Ce texte est fondé sur le discours d’ouverture prononcé par l’auteur lors du congrès de fondation de l’organisation sud-africaine Zabalaza for Socialism (Lutte pour le socialisme) qui s’est tenu à Johannesburg le 15 décembre 2023.
Changement climatique, guerres, génocides, turbulences économiques : le monde dans lequel nous vivons actuellement est inquiétant et l’avenir semble bien sombre, loin des espoirs qui existaient au début du siècle. Ce triste état du monde est en grande partie le résultat de décisions prises au cours de la dernière décennie du siècle dernier. C’est en effet dans les années 1990 que les conditions mondiales actuelles ont été déterminées – pendant le « moment unipolaire » qui a suivi l’effondrement de l’Union soviétique, lorsque les États-Unis étaient tout à fait conscients de leur capacité à façonner l’environnement international.
La nouvelle guerre froide
Au cours de ces années, Washington a opté pour la perpétuation de sa domination mondiale au détriment de la paix dans le monde. A cette fin, les États-Unis devaient maintenir leur état permanent de préparation à la guerre et renouveler l’allégeance de leurs alliés de la Guerre froide en Europe et en Asie de l’Est (leurs « vassaux », selon la célèbre caractérisation de Zbigniew Brzezinski) en ravivant les tensions passées avec la Russie et la Chine. Washington a traité ces deux pays comme des ennemis potentiels, bien qu’aucun d’entre eux ne représente aujourd’hui un défi systémique au capitalisme mondial, auquel ils se sont tous deux intégrés. Cette orientation fondamentale adoptée par Washington dans les années 1990 a conduit à ce que j’ai décrit depuis lors comme la Nouvelle Guerre froide.

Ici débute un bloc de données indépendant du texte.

lemma has_integral_abs_powr_minus_pow0:
  fixes \<theta> l \<beta> :: real
  assumes \<theta>: "\<theta> > 0" and l: "0 \<le> l" "l \<le> 1" and \<beta>: "\<beta> \<ge> 0"
  shows "((\<lambda>t. \<bar>t powr \<theta> - l\<bar> * pow0 t \<beta>) has_integral A2 \<beta> \<theta> l) {0..1}"
proof -
  define c where "c = l powr (1 / \<theta>)"
  define L where "L = l powr (1 + (1 + \<beta>) / \<theta>)"
  have c: "0 \<le> c" "c \<le> 1"
    unfolding c_def using powr_mono2[of "1 / \<theta>" l 1] l \<theta> by auto
  have c_powr: "c powr e = l powr (e / \<theta>)" for e
    using l by (cases "l = 0") (auto simp: c_def powr_powr)
  have c_powr_\<theta>: "c powr \<theta> = l"
    using c_powr[of \<theta>] \<theta> l by simp
  have "l * c powr (\<beta> + 1) = l powr 1 * l powr ((\<beta> + 1) / \<theta>)"
    using l by (simp add: c_powr)
  also have "\<dots> = L"
    unfolding L_def powr_add[symmetric] by (simp add: add_ac)
  finally have L_eq: "l * c powr (\<beta> + 1) = L" .
  have L_eq': "c powr (\<beta> + \<theta> + 1) = L"
    using \<theta> by (simp add: c_powr L_def add_divide_distrib add_ac)
  define G where "G t = l * t powr (\<beta> + 1) / (\<beta> + 1) - t powr (\<beta> + \<theta> + 1) / (\<beta> + \<theta> + 1)" for t
  have G_cont: "continuous_on {0..} G"
    unfolding G_def using \<beta> \<theta> by (auto intro!: continuous_intros continuous_on_powr')
  have G_deriv: "(G has_real_derivative (l - t powr \<theta>) * pow0 t \<beta>) (at t)" if "t > 0" for t
    unfolding G_def using \<beta> \<theta> that by (rule has_real_derivative_powr_primitive)
  have left: "((\<lambda>t. \<bar>t powr \<theta> - l\<bar> * pow0 t \<beta>) has_integral G c - G 0) {0..c}"
  proof (rule fundamental_theorem_of_calculus_interior)
    show "continuous_on {0..c} G"
      using G_cont by (rule continuous_on_subset) auto
    fix t assume t: "t \<in> {0<..<c}"
    then have "t powr \<theta> \<le> l"
      using powr_mono2[of \<theta> t c] \<theta> c_powr_\<theta> by auto
    then show "(G has_vector_derivative \<bar>t powr \<theta> - l\<bar> * pow0 t \<beta>) (at t)"
      using G_deriv[of t] t by (simp add: has_real_derivative_iff_has_vector_derivative)
  qed (rule c(1))
  have right: "((\<lambda>t. \<bar>t powr \<theta> - l\<bar> * pow0 t \<beta>) has_integral (- G 1) - (- G c)) {c..1}"
  proof (rule fundamental_theorem_of_calculus_interior)
    show "continuous_on {c..1} (\<lambda>t. - G t)"
      using G_cont c by (auto intro: continuous_on_minus continuous_on_subset)
    fix t assume t: "t \<in> {c<..<1}"
    then have "l \<le> t powr \<theta>"
      using powr_mono2[of \<theta> c t] \<theta> c c_powr_\<theta> by auto
    then show "((\<lambda>t. - G t) has_vector_derivative \<bar>t powr \<theta> - l\<bar> * pow0 t \<beta>) (at t)"
      using DERIV_minus[OF G_deriv[of t]] t c
      by (simp add: has_real_derivative_iff_has_vector_derivative[symmetric] algebra_simps)
  qed (rule c(2))
  have "2 * G c - G 0 - G 1 = 2 * (L / (\<beta> + 1) - L / (\<beta> + \<theta> + 1)) - (l / (\<beta> + 1) - 1 / (\<beta> + \<theta> + 1))"
    unfolding G_def L_eq L_eq' using \<beta> \<theta> by simp
  also have "\<dots> = A2 \<beta> \<theta> l"
    unfolding L_def by (rule A2_altdef[OF \<beta> \<theta>, symmetric])
  finally show ?thesis
    using has_integral_combine[OF c left right] by (simp add: algebra_simps)
qed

Le corollaire économique de cette politique a été un néolibéralisme débridé, incluant le durcissement des diktats néolibéraux des institutions financières internationales, l’aboutissement de l’impérialisme du libre-échange avec la fondation de l’Organisation mondiale du commerce, et la « thérapie de choc » encouragée par Washington et ses alliés dans la Russie post-soviétique. Tout cela s’est accompagné d’un mépris des dangers du changement climatique – non pas par ignorance (Al Gore était le vice-président de Bill Clinton pendant ces années fatidiques) mais plutôt délibérément, en le classant au bas de l’échelle des priorités liées à la gestion de l’empire unipolaire. L’orgueil impérial américain atteignit son apogée avec la présidence de George W. Bush et les guerres que son administration lança en Afghanistan et en Irak.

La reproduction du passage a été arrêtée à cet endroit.